**Records supplied**

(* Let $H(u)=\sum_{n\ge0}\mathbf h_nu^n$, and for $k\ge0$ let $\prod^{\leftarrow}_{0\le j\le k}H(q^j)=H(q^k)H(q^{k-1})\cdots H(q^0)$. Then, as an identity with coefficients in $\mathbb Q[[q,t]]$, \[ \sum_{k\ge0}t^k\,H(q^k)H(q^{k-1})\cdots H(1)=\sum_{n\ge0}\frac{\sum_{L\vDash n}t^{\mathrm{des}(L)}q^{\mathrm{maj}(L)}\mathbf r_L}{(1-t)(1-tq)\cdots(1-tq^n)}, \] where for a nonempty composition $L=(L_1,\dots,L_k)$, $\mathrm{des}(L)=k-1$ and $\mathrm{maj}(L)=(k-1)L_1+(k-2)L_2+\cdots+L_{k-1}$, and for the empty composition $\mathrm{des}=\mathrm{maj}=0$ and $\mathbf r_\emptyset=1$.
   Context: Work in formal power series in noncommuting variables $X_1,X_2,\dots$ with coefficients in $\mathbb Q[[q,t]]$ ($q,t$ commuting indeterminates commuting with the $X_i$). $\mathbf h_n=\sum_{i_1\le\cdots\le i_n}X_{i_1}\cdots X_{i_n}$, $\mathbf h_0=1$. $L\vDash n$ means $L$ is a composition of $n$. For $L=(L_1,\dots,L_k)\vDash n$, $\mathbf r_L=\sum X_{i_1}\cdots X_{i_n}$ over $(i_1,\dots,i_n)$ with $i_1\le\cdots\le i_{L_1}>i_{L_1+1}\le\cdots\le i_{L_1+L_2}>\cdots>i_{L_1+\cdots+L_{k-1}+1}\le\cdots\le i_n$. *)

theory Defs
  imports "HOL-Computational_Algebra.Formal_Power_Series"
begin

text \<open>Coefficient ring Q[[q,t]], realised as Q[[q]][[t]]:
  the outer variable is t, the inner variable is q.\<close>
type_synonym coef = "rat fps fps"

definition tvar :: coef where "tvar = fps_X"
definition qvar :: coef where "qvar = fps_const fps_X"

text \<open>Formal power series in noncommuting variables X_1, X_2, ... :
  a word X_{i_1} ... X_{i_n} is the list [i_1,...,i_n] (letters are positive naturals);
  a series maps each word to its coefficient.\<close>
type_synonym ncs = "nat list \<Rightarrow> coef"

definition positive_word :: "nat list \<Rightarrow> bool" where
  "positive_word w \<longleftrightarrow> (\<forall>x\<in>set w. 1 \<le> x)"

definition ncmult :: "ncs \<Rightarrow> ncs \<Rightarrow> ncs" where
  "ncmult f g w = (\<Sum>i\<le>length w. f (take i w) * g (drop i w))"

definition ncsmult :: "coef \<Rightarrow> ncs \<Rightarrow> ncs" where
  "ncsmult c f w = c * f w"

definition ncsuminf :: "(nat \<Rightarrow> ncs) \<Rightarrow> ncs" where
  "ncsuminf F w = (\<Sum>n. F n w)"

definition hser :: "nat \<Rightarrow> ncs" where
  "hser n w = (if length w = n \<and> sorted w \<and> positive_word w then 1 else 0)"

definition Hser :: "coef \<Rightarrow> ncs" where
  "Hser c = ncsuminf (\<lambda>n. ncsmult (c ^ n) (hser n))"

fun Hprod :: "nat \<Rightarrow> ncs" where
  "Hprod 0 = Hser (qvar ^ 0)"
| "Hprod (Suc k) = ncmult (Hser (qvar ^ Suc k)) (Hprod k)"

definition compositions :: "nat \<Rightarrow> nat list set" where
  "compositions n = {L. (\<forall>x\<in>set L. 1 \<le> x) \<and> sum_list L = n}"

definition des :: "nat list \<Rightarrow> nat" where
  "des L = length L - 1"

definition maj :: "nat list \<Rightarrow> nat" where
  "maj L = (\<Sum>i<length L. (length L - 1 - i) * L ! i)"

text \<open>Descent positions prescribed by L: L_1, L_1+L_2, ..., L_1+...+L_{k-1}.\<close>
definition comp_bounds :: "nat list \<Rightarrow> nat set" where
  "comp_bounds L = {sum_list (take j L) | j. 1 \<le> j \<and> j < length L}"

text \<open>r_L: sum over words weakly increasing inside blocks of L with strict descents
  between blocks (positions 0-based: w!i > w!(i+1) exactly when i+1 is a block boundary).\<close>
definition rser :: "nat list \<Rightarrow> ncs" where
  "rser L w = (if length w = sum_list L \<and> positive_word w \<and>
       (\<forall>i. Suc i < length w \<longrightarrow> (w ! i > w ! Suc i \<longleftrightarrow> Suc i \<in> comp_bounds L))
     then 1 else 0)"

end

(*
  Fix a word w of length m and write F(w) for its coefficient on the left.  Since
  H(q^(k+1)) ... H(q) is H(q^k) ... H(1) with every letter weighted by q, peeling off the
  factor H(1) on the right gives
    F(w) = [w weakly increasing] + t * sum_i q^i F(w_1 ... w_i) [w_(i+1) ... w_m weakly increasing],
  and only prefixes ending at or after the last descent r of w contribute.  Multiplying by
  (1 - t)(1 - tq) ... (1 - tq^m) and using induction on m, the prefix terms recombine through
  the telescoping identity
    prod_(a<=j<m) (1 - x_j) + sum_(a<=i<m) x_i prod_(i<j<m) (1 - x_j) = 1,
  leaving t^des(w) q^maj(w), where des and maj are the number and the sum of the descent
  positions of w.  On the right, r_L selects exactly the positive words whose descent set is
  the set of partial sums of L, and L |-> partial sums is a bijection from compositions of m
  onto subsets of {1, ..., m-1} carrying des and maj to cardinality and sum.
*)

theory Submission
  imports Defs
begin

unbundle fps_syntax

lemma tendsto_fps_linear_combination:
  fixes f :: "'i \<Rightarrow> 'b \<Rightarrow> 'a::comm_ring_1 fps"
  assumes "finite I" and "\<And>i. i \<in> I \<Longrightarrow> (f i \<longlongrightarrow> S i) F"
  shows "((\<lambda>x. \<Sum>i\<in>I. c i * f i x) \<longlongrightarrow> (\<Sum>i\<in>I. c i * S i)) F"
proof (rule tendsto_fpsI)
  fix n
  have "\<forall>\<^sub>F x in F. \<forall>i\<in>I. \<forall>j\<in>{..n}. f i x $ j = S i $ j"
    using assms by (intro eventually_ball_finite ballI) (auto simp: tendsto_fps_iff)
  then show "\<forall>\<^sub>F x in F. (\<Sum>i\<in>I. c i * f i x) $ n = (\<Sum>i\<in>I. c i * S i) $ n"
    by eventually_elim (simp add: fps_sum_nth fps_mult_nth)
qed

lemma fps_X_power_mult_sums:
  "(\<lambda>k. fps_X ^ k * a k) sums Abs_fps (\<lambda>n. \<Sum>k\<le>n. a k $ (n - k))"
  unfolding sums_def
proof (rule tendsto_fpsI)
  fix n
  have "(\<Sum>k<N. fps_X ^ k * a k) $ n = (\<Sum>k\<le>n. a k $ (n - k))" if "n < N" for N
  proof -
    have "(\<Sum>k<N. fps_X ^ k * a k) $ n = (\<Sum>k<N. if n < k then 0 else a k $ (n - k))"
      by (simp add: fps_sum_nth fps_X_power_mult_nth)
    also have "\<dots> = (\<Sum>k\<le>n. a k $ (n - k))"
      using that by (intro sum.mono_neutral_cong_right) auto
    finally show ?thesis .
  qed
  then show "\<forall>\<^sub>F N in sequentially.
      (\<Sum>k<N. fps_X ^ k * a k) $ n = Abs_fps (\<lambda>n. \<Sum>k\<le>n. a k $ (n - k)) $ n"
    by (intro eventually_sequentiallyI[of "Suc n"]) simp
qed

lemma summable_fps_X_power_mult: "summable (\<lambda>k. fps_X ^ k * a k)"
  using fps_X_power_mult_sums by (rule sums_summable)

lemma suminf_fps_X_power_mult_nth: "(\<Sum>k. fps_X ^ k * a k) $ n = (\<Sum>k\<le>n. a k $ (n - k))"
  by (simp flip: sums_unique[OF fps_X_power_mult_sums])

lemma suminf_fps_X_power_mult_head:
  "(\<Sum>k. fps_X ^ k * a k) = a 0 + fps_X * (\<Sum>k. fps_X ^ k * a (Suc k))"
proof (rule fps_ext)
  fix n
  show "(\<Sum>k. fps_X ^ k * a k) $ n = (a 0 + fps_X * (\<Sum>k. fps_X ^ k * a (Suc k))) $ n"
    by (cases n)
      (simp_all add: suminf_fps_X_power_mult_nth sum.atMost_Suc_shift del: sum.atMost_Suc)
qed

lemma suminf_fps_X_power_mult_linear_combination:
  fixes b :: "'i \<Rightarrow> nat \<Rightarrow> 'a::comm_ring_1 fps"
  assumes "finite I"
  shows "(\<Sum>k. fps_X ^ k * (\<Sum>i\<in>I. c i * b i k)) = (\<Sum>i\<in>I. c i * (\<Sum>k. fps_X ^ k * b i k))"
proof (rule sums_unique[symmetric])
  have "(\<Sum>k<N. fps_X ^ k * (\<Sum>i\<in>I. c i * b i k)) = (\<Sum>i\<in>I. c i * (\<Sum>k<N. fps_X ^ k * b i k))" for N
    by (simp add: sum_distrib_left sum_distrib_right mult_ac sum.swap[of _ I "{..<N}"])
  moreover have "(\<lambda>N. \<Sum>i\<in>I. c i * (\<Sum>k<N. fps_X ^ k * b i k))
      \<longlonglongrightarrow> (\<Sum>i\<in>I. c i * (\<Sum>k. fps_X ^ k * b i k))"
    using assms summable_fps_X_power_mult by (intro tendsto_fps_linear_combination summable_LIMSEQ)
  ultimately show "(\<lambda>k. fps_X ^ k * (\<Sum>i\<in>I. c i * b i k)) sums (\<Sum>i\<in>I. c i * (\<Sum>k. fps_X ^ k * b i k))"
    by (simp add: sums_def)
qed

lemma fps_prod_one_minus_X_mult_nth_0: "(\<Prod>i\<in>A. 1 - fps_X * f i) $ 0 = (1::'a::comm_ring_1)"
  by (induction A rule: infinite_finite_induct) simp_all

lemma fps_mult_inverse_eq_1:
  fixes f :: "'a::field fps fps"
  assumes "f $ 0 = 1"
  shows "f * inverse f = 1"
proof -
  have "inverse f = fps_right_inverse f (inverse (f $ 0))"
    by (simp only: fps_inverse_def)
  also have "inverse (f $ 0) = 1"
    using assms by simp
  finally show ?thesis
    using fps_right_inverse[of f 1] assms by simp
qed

**What you have to do**
Within the material above, output exactly the lines from the one with "text \<open>r_L: sum" through the one with "and only prefixes", end lines included, and nothing besides.

**Finished task**
text \<open>r_L: sum over words weakly increasing inside blocks of L with strict descents
  between blocks (positions 0-based: w!i > w!(i+1) exactly when i+1 is a block boundary).\<close>
definition rser :: "nat list \<Rightarrow> ncs" where
  "rser L w = (if length w = sum_list L \<and> positive_word w \<and>
       (\<forall>i. Suc i < length w \<longrightarrow> (w ! i > w ! Suc i \<longleftrightarrow> Suc i \<in> comp_bounds L))
     then 1 else 0)"

end

(*
  Fix a word w of length m and write F(w) for its coefficient on the left.  Since
  H(q^(k+1)) ... H(q) is H(q^k) ... H(1) with every letter weighted by q, peeling off the
  factor H(1) on the right gives
    F(w) = [w weakly increasing] + t * sum_i q^i F(w_1 ... w_i) [w_(i+1) ... w_m weakly increasing],
  and only prefixes ending at or after the last descent r of w contribute.  Multiplying by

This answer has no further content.